Lost in the Fog Owner Harry Aleo Dies
Harry Aleo
Photo: Anne M. Eberhardt
Harry J. Aleo, the crusty Northern California Thoroughbred owner who burst into national prominence with 2005 champion sprinter Lost in the Fog, died at his San Francisco home on the afternoon of June 21. He was 88.

His longtime companion, Deannie Bartlett, was at his side.

Greg Gilchrist, Aleo's trainer of nearly 30 years, said the cause was cancer. The Lost in the Fog Stakes for 2-year-olds, inaugurated in 2007, concludes the current spring meet at Golden Gate Fields June 22.

"Ours was more than a relationship between a client and an owner," Gilchrist said from Golden Gate Fields June 22. "He was more like a combination of a brother and a father to me. Harry, to me, represented those traditional values. He stood for everything I believe in. They just don't make them like Harry anymore.

"It's going to be different without him," the trainer added. "I worked a couple of Harry's horses this morning and I was just thinking that ordinarily I'd be talking to him, filling him in about their works and plotting our plans for them, talking about this race or that one. It won't be the same."

The conservative Aleo was looking for a quality horse that could “take me back East to run” and was the underbidder when Lost in the Fog went through the Ocala Breeders' 2-year-old sale in March 2004. When the son of Lost Soldier did not meet his reserve, Aleo bought him privately a few weeks later for $140,000, a huge sum for him to pay for a horse.

Lost in the Fog won his first 10 career starts at ages 2 and 3. The horse, considered Northern California's biggest equine attraction since Seabiscuit, and his sometimes blunt owner became popular nationally for their frequent cross-country trips.

Aleo refused to sell Lost in the Fog in spite of some overwhelming offers.

"What the hell would I do that for?” he told a reporter gruffly. “I’ve been waiting my whole life for a horse like that.”

Lost in the Fog lost for the first time in the 2005 Breeders’ Cup Sprint (gr. I), but won an Eclipse as champion sprinter anyway and came back the following year to win the Aristides Breeders’ Cup (gr. III).

"I guess the law of averages just caught up or something," said Aleo at the time. "After buying hundreds of them, one went 'boom.' I put out more money and we got lucky. You've got to get lucky; you know that."

Later that summer, however, Lost in the Fog was diagnosed with inoperable cancer and was euthanized on Sept. 17, 2006 after treatment failed to stop the spread of the disease. Two weeks later Golden Gate Fields, his home base, had a day-long celebration of the colt’s life. In June 2007, the track inaugurated the stakes race for 2-year-olds in Fog's honor.

Born Dec. 7, 1919, in Noe Valley, Calif., Aleo made his fortune as the owner of Twin Peaks Properties, a real estate and insurance brokerage firm that he founded more than 60 year ago. He never retired. 

Aleo was a minor-league pitcher and third baseman for the Brooklyn Dodgers organization for a time but an elbow injury cut short his career and he was drafted by the U.S. Army following the attack on Pearl Harbor. He eventually fought with the 97th Infantry in several campaigns, including the Battle of the Bulge, and was in active service for three years.

"I missed D-Day, thank God, or I'd have been dead," Aleo told The Blood-Horse in a 2005 interview. "But we went through France and Germany, the Battle of the Bulge, all that crap.
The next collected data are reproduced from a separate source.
(* Let $N,m\ge1$ and for $p=1,\dots,m$ let $d_1^p,d_2^p\ge1$. Let $\kappa_1,\kappa_2\ge0$, and for $1\le j\le N$, $1\le p\le m$ let $B_j^p\in\mathbb C^{d_1^p\times d_2^p\times d_1^p\times d_2^p}$ satisfy $[B_j^p]_{\alpha_1\beta_1\alpha_2\beta_2}=-\overline{[B_j^p]_{\alpha_2\beta_2\alpha_1\beta_1}}$. Define the rank-$4m$ tensor $A_j$ by $$[A_j]_{\alpha_1\cdots\alpha_{2m}\beta_1\cdots\beta_{2m}}=\sum_{k=1}^m[B_j^k]_{\alpha_{2k-1}\alpha_{2k}\beta_{2k-1}\beta_{2k}}\prod_{\ell\ne k}\delta_{\alpha_{2\ell-1}\beta_{2\ell-1}}\delta_{\alpha_{2\ell}\beta_{2\ell}},$$ and consider the Lohe tensor model for rank-$2m$ tensors in $\mathbb C^{d_1^1\times d_2^1\times\cdots\times d_1^m\times d_2^m}$ with couplings $\kappa_{i_*}=\kappa_1$ if $i_*\in\Lambda_1$, $\kappa_{i_*}=\kappa_2$ if $i_*\in\Lambda_2$, and $\kappa_{i_*}=0$ otherwise, where $\Lambda_1$ (resp. $\Lambda_2$) is the set of $i_*\in\{0,1\}^{2m}$ having exactly one zero coordinate, located at an odd position $2q-1$ (resp. an even position $2q$), $1\le q\le m$. Then: (1) If $\{U_i^p\}$ is a solution of the multiple matrix model, then $T_i:=U_i^1\otimes U_i^2\otimes\cdots\otimes U_i^m$ is a (quadratically separable) solution of this Lohe tensor model with free flow tensors $A_i$. (2) If $\{T_i\}$ solves this Lohe tensor model with free flow tensors $A_i$ and initial data $T_i(0)=U_i^{1,0}\otimes\cdots\otimes U_i^{m,0}$, where $U_i^{p,0}\in\mathbb C^{d_1^p\times d_2^p}$ have unit Frobenius norm, then there exist matrices $U_i^p(t)$ of unit Frobenius norm with $T_i(t)=U_i^1(t)\otimes\cdots\otimes U_i^m(t)$ for $t>0$, where $\{U_i^p\}$ is the solution of the multiple matrix model with $U_i^p(0)=U_i^{p,0}$.
   Context: $\langle A,B\rangle_F=\mathrm{tr}(A^\dagger B)$, $\|A\|_F=\sqrt{\langle A,A\rangle_F}$; $[U^1\otimes\cdots\otimes U^m]_{\alpha_1\beta_1\cdots\alpha_m\beta_m}=[U^1]_{\alpha_1\beta_1}\cdots[U^m]_{\alpha_m\beta_m}$; repeated indices are summed. Multiple matrix model, for $U_j^p\in\mathbb C^{d_1^p\times d_2^p}$: $\dot U_j^p=B_j^pU_j^p+\frac{\kappa_1}{N}\sum_{k=1}^N\Big(\prod_{\ell\ne p}\langle U_j^\ell,U_k^\ell\rangle_F\,U_k^p(U_j^p)^\dagger U_j^p-\prod_{\ell\ne p}\langle U_k^\ell,U_j^\ell\rangle_F\,U_j^p(U_k^p)^\dagger U_j^p\Big)+\frac{\kappa_2}{N}\sum_{k=1}^N\Big(\prod_{\ell\ne p}\langle U_j^\ell,U_k^\ell\rangle_F\,U_j^p(U_j^p)^\dagger U_k^p-\prod_{\ell\ne p}\langle U_k^\ell,U_j^\ell\rangle_F\,U_j^p(U_k^p)^\dagger U_j^p\Big)$, with $[B_j^pU_j^p]_{\alpha\beta}=[B_j^p]_{\alpha\beta\gamma\delta}[U_j^p]_{\gamma\delta}$ and products over $\ell\in\{1,\dots,m\}\setminus\{p\}$. Lohe tensor model for rank-$r$ tensors $T_j$: for $i_*\in\{0,1\}^r$ write $\alpha_{*i_*}=(\alpha_{1i_1},\dots,\alpha_{ri_r})$, $\alpha_{*(1-i_* )}=(\alpha_{1(1-i_1)},\dots)$; with $T_c=\frac1N\sum_kT_k$ and rank-$2r$ tensors $A_j$ satisfying $\overline{[A_j]_{\alpha_{*0}\alpha_{*1}}}=-[A_j]_{\alpha_{*1}\alpha_{*0}}$, $\frac{d}{dt}[T_j]_{\alpha_{*0}}=[A_j]_{\alpha_{*0}\alpha_{*1}}[T_j]_{\alpha_{*1}}+\sum_{i_*}\kappa_{i_*}\big([T_c]_{\alpha_{*i_*}}\overline{[T_j]_{\alpha_{*1}}}[T_j]_{\alpha_{*(1-i_* )}}-[T_j]_{\alpha_{*i_*}}\overline{[T_c]_{\alpha_{*1}}}[T_j]_{\alpha_{*(1-i_* )}}\big)$, summed over $\alpha_{*1}$. *)

theory Defs
  imports "HOL-Analysis.Analysis"
begin

text \<open>Conventions: agents j are 0-based (j < N), factors p are 0-based (p < m).
 A matrix in C^{d1 x d2} is a function nat => nat => complex, only entries with
 row < d1, column < d2 matter. A rank-r tensor is a function nat list => complex,
 only index lists in idxs dims matter.\<close>

type_synonym cmat = "nat \<Rightarrow> nat \<Rightarrow> complex"

definition frob_inner :: "nat \<Rightarrow> nat \<Rightarrow> cmat \<Rightarrow> cmat \<Rightarrow> complex" where
  "frob_inner d1 d2 X Y = (\<Sum>a<d1. \<Sum>b<d2. cnj (X a b) * Y a b)"

definition frob_norm :: "nat \<Rightarrow> nat \<Rightarrow> cmat \<Rightarrow> real" where
  "frob_norm d1 d2 X = sqrt (\<Sum>a<d1. \<Sum>b<d2. (cmod (X a b))^2)"

definition mat_mult :: "nat \<Rightarrow> cmat \<Rightarrow> cmat \<Rightarrow> cmat" where
  "mat_mult n X Y = (\<lambda>a c. \<Sum>b<n. X a b * Y b c)"

definition adj :: "cmat \<Rightarrow> cmat" where
  "adj X = (\<lambda>a b. cnj (X b a))"

definition apply4 :: "nat \<Rightarrow> nat \<Rightarrow> (nat \<Rightarrow> nat \<Rightarrow> nat \<Rightarrow> nat \<Rightarrow> complex) \<Rightarrow> cmat \<Rightarrow> cmat" where
  "apply4 d1 d2 B X = (\<lambda>a b. \<Sum>c<d1. \<Sum>d<d2. B a b c d * X c d)"

definition mm_rhs ::
  "nat \<Rightarrow> nat \<Rightarrow> (nat \<Rightarrow> nat) \<Rightarrow> (nat \<Rightarrow> nat) \<Rightarrow> real \<Rightarrow> real
   \<Rightarrow> (nat \<Rightarrow> nat \<Rightarrow> nat \<Rightarrow> nat \<Rightarrow> nat \<Rightarrow> nat \<Rightarrow> complex)
   \<Rightarrow> (nat \<Rightarrow> nat \<Rightarrow> cmat) \<Rightarrow> nat \<Rightarrow> nat \<Rightarrow> cmat" where
  "mm_rhs N m d1 d2 \<kappa>1 \<kappa>2 B U j p =
    (let P = (\<lambda>j k. \<Prod>l\<in>{..<m} - {p}. frob_inner (d1 l) (d2 l) (U j l) (U k l));
         mm = (\<lambda>X Y Z. mat_mult (d1 p) (mat_mult (d2 p) X (adj Y)) Z)
     in (\<lambda>a b. apply4 (d1 p) (d2 p) (B j p) (U j p) a b
        + complex_of_real (\<kappa>1 / real N) *
            (\<Sum>k<N. P j k * mm (U k p) (U j p) (U j p) a b
                   - P k j * mm (U j p) (U k p) (U j p) a b)
        + complex_of_real (\<kappa>2 / real N) *
            (\<Sum>k<N. P j k * mm (U j p) (U j p) (U k p) a b
                   - P k j * mm (U j p) (U k p) (U j p) a b)))"

definition mm_solution ::
  "nat \<Rightarrow> nat \<Rightarrow> (nat \<Rightarrow> nat) \<Rightarrow> (nat \<Rightarrow> nat) \<Rightarrow> real \<Rightarrow> real
   \<Rightarrow> (nat \<Rightarrow> nat \<Rightarrow> nat \<Rightarrow> nat \<Rightarrow> nat \<Rightarrow> nat \<Rightarrow> complex)
   \<Rightarrow> (nat \<Rightarrow> nat \<Rightarrow> real \<Rightarrow> cmat) \<Rightarrow> bool" where
  "mm_solution N m d1 d2 \<kappa>1 \<kappa>2 B U \<longleftrightarrow>
    (\<forall>t\<ge>0. \<forall>j<N. \<forall>p<m. \<forall>a<d1 p. \<forall>b<d2 p.
       ((\<lambda>s. U j p s a b) has_vector_derivative
          mm_rhs N m d1 d2 \<kappa>1 \<kappa>2 B (\<lambda>j' p'. U j' p' t) j p a b) (at t within {0..}))"

definition idxs :: "nat list \<Rightarrow> nat list set" where
  "idxs dims = {as. length as = length dims \<and> (\<forall>k<length dims. as ! k < dims ! k)}"

definition tdims :: "nat \<Rightarrow> (nat \<Rightarrow> nat) \<Rightarrow> (nat \<Rightarrow> nat) \<Rightarrow> nat list" where
  "tdims m d1 d2 = concat (map (\<lambda>p. [d1 p, d2 p]) [0..<m])"

text \<open>alpha_{*i*}: coordinate k taken from a1 if i!k (i.e. i_k = 1), else from a0.\<close>
definition sel :: "bool list \<Rightarrow> nat list \<Rightarrow> nat list \<Rightarrow> nat list" where
  "sel i a0 a1 = map (\<lambda>k. if i ! k then a1 ! k else a0 ! k) [0..<length i]"

definition onezero :: "nat \<Rightarrow> nat \<Rightarrow> bool list" where
  "onezero n q = map (\<lambda>k. k \<noteq> q) [0..<n]"

text \<open>Lambda_1: single zero at odd 1-based position 2q-1 (0-based 2q);
      Lambda_2: single zero at even 1-based position 2q (0-based 2q+1).\<close>
definition Lambda1 :: "nat \<Rightarrow> bool list set" where
  "Lambda1 m = {onezero (2*m) (2*q) | q. q < m}"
I got home, so I was lucky."

A huge baseball fan, his horses carry the orange and black colors of the San Francisco Giants and many of his horses were named after landmarks and images of the city.
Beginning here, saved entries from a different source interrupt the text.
definition window :: "(nat \<Rightarrow> bool) \<Rightarrow> nat \<Rightarrow> nat \<Rightarrow> bool list" where
  "window lam R i = map (\<lambda>j. lam (i + j)) [0..<R]"

lemma centred_bit_mult_self [simp]: "centred_bit b * centred_bit b = 1 / 4"
  by (simp add: centred_bit_def)

lemma length_window [simp]: "length (window lam R i) = R"
  by (simp add: window_def)

lemma nth_window [simp]: "j < R \<Longrightarrow> window lam R i ! j = lam (i + j)"
  by (simp add: window_def)

lemma occurs_at_iff_window: "length w = R \<Longrightarrow> occurs_at lam w i \<longleftrightarrow> w = window lam R i"
  by (auto simp: occurs_at_def list_eq_iff_nth_eq)

lemma sum_window_eq_sum_words:
  "(\<Sum>i\<in>{1..N}. g (window lam R i)) =
     (\<Sum>w | length w = R. g w * real (card {i \<in> {1..N}. occurs_at lam w i}))"
proof -
  have "(\<Sum>w | length w = R. g w * real (card {i \<in> {1..N}. occurs_at lam w i}))
      = (\<Sum>w | length w = R. \<Sum>i\<in>{1..N}. if occurs_at lam w i then g w else 0)"
    by (simp add: sum.If_cases Int_def mult.commute)
  also have "\<dots> = (\<Sum>i\<in>{1..N}. \<Sum>w | length w = R. if w = window lam R i then g w else 0)"
    by (subst sum.swap) (intro sum.cong refl, auto simp: occurs_at_iff_window)
  also have "\<dots> = (\<Sum>i\<in>{1..N}. g (window lam R i))"
    by (simp add: finite_list_length)
  finally show ?thesis ..
qed

lemma normal_seq_window_mean:
  assumes "normal_seq lam"
  shows "(\<lambda>N. (\<Sum>i\<in>{1..N}. g (window lam R i)) / real N)
           \<longlonglongrightarrow> (\<Sum>w | length w = R. g w) / 2 ^ R"
proof -
  have "(\<lambda>N. \<Sum>w | length w = R. g w * (real (card {i \<in> {1..N}. occurs_at lam w i}) / real N))
          \<longlonglongrightarrow> (\<Sum>w | length w = R. g w * (1 / 2) ^ R)"
    by (intro tendsto_sum tendsto_mult_left) (use assms in \<open>auto simp: normal_seq_def\<close>)
  moreover have "(\<lambda>N. \<Sum>w | length w = R. g w * (real (card {i \<in> {1..N}. occurs_at lam w i}) / real N))
      = (\<lambda>N. (\<Sum>i\<in>{1..N}. g (window lam R i)) / real N)"
    by (simp only: sum_window_eq_sum_words sum_divide_distrib times_divide_eq_right)
  ultimately show ?thesis
    by (simp add: sum_divide_distrib power_one_over)
qed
Among his other stakes winners are Vicarino, Smokey Stover, Victorina, Beyond Brilliant, Taraval, Frisco Belle and Minutes Away, the 1985 Northern California horse of the year. His Wild Promises won the Yerba Buena Stakes at Golden Gate on June 8. Gilchrist said he has eight or nine of Aleo's horses currently in training.
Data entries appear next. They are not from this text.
lemma linked_points_tpow_pos:
  assumes "m \<noteq> 0" and "n \<noteq> 0" and "0 < J"
  shows "linked_points (c @ tpow J) c = {elt m n (c @ apow (bs_gap m n (nat J) * j)) | j. True}"
  using linked_points_tpow apow_tpow_commute_iff[OF assms] by blast

lemma common_tline_link:
  assumes "\<exists>L \<in> tlines m n. L \<inter> aline m n g1 \<noteq> {} \<and> L \<inter> aline m n g2 \<noteq> {}"
  obtains c J where "c \<in> aline m n g2" and "aline m n g1 = aline m n (c @ tpow J)"
proof -
  obtain z y1 y2 where y1: "y1 \<in> tline m n z" "y1 \<in> aline m n g1"
    and y2: "y2 \<in> tline m n z" "y2 \<in> aline m n g2"
    using assms unfolding tlines_def by blast
  have "aline m n g1 = aline m n (y2 @ tpow (t_height y1 - t_height y2))"
    using aline_eq_of_mem[OF y1(2)] aline_cong[OF tline_link[OF y1(1) y2(1)]] by simp
  with y2(2) show ?thesis by (rule that)
qed

end

definition tflip :: "word \<Rightarrow> word" where
  "tflip = map (\<lambda>(s, b). (s, if s = GT then \<not> b else b))"

lemma tflip_simps [simp]:
  "tflip [] = []"
  "tflip ((s, b) # w) = (s, if s = GT then \<not> b else b) # tflip w"
  "tflip (u @ v) = tflip u @ tflip v"
  "tflip (tflip w) = w"
  "tflip (apow k) = apow k"
  "tflip (tpow k) = tpow (- k)"
  by (auto simp: tflip_def gpow_def map_idI split: prod.splits)

lemma bs_eq_tflip: "bs_eq m n v w \<Longrightarrow> bs_eq n m (tflip v) (tflip w)"
proof (induction rule: bs_eq.induct)
  case (ctx v w x y)
  then show ?case
    using bs_eq.ctx by simp
next
  case (cancel s b)
  show ?case
    using bs_eq.cancel[of n m s b] bs_eq.cancel[of n m s "\<not> b"] by (cases s) simp_all
next
  case rel
  show ?case
    using tinv_apow_t[of n m] by simp
qed (auto intro: bs_eq.intros)

lemma apow_tpow_neg_commute_iff:
  assumes "m \<noteq> 0" and "n \<noteq> 0" and "J < 0"
  shows "(\<exists>r. bs_eq m n (apow s @ tpow J) (tpow J @ apow r)) \<longleftrightarrow> bs_gap n m (nat (- J)) dvd s"
proof -
  have "bs_eq m n (apow s @ tpow J) (tpow J @ apow r) \<longleftrightarrow>
      bs_eq n m (apow s @ tpow (- J)) (tpow (- J) @ apow r)" for r
    using bs_eq_tflip[of m n] bs_eq_tflip[of n m "apow s @ tpow (- J)" "tpow (- J) @ apow r"]
    by fastforce
  then show ?thesis
    using apow_tpow_commute_iff[of n m "- J" s] assms by simp
qed

lemma linked_points_tpow_neg:
  assumes "m \<noteq> 0" and "n \<noteq> 0" and "J < 0"
  shows "linked_points m n (c @ tpow J) c = {elt m n (c @ apow (bs_gap n m (nat (- J)) * j)) | j. True}"
  using linked_points_tpow apow_tpow_neg_commute_iff[OF assms] by blast

theorem lemma3p6:
  fixes m n h p q :: int and g1 g2 :: word
  assumes "m \<noteq> 0" and "n \<noteq> 0" and "\<bar>m\<bar> < \<bar>n\<bar>"
    and "h = gcd m n" and "p = \<bar>m\<bar> div h" and "q = \<bar>n\<bar> div h"
    and "\<exists>L \<in> tlines m n. L \<inter> aline m n g1 \<noteq> {} \<and> L \<inter> aline m n g2 \<noteq> {}"
  shows "(bs_less m n (aline m n g2) (aline m n g1) \<longrightarrow>
           (\<exists>g \<in> aline m n g2.
              {aline m n g2 \<inter> L | L. L \<in> tlines m n \<and> L \<inter> aline m n g1 \<noteq> {} \<and> L \<inter> aline m n g2 \<noteq> {}}
              = {elt m n (g @ apow (h * q ^ bs_dist m n (aline m n g1) (aline m n g2) * j)) | j. True}))
       \<and> (bs_less m n (aline m n g1) (aline m n g2) \<longrightarrow>
           (\<exists>g \<in> aline m n g2.
              {aline m n g2 \<inter> L | L. L \<in> tlines m n \<and> L \<inter> aline m n g1 \<noteq> {} \<and> L \<inter> aline m n g2 \<noteq> {}}
              = {elt m n (g @ apow (h * p ^ bs_dist m n (aline m n g1) (aline m n g2) * j)) | j. True}))"
proof -
  obtain c J where c: "c \<in> aline m n g2" and g1: "aline m n g1 = aline m n (c @ tpow J)"
    using assms(7) by (rule common_tline_link)
  have g2: "aline m n g2 = aline m n c"
    using aline_eq_of_mem[OF c] by simp
  have dist: "bs_dist m n (aline m n g1) (aline m n g2) = nat \<bar>J\<bar>"
    using bs_dist_tpow_sym g1 g2 by simp
  have linked: "linked_points m n g1 g2 = linked_points m n (c @ tpow J) c"
    by (simp add: linked_points_def g1 g2)
  have gaps: "h * q ^ d = bs_gap m n d" "h * p ^ d = bs_gap n m d" for d
    using assms(4-6) by (simp_all add: bs_gap_def gcd.commute)
  show ?thesis
    unfolding linked_points_def[symmetric] gaps dist
  proof (intro conjI impI)
    assume "bs_less m n (aline m n g2) (aline m n g1)"
    then have "0 < J"
      using bs_less_tpow_pos g1 g2 by simp
    then show "\<exists>g \<in> aline m n g2. linked_points m n g1 g2 =
        {elt m n (g @ apow (bs_gap m n (nat \<bar>J\<bar>) * j)) | j. True}"
      using c linked linked_points_tpow_pos[OF assms(1,2)] by auto
  next
    assume "bs_less m n (aline m n g1) (aline m n g2)"
    then have "J < 0"
      using bs_less_tpow_pos[of m n "c @ tpow J" "- J"] g1 g2 aline_tpow_tpow_uminus by simp
    then show "\<exists>g \<in> aline m n g2. linked_points m n g1 g2 =
        {elt m n (g @ apow (bs_gap n m (nat \<bar>J\<bar>) * j)) | j. True}"
      using c linked linked_points_tpow_neg[OF assms(1,2)] by auto
  qed
qed

end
"A son-in-law at the time showed me an article titled, "How to Make Money When Your Horse Loses." It was all about deducting vet bills and depreciation and all that," said Aleo in The Blood-Horse article. "It really made an impression on me, and even though I didn't have much money -- this was 1979 -- I decided to buy a horse."

In addition to Ms. Bartlett, Aleo is survived by daughters Carol, Terri and Valerie, and three grandchildren.  Services are pending.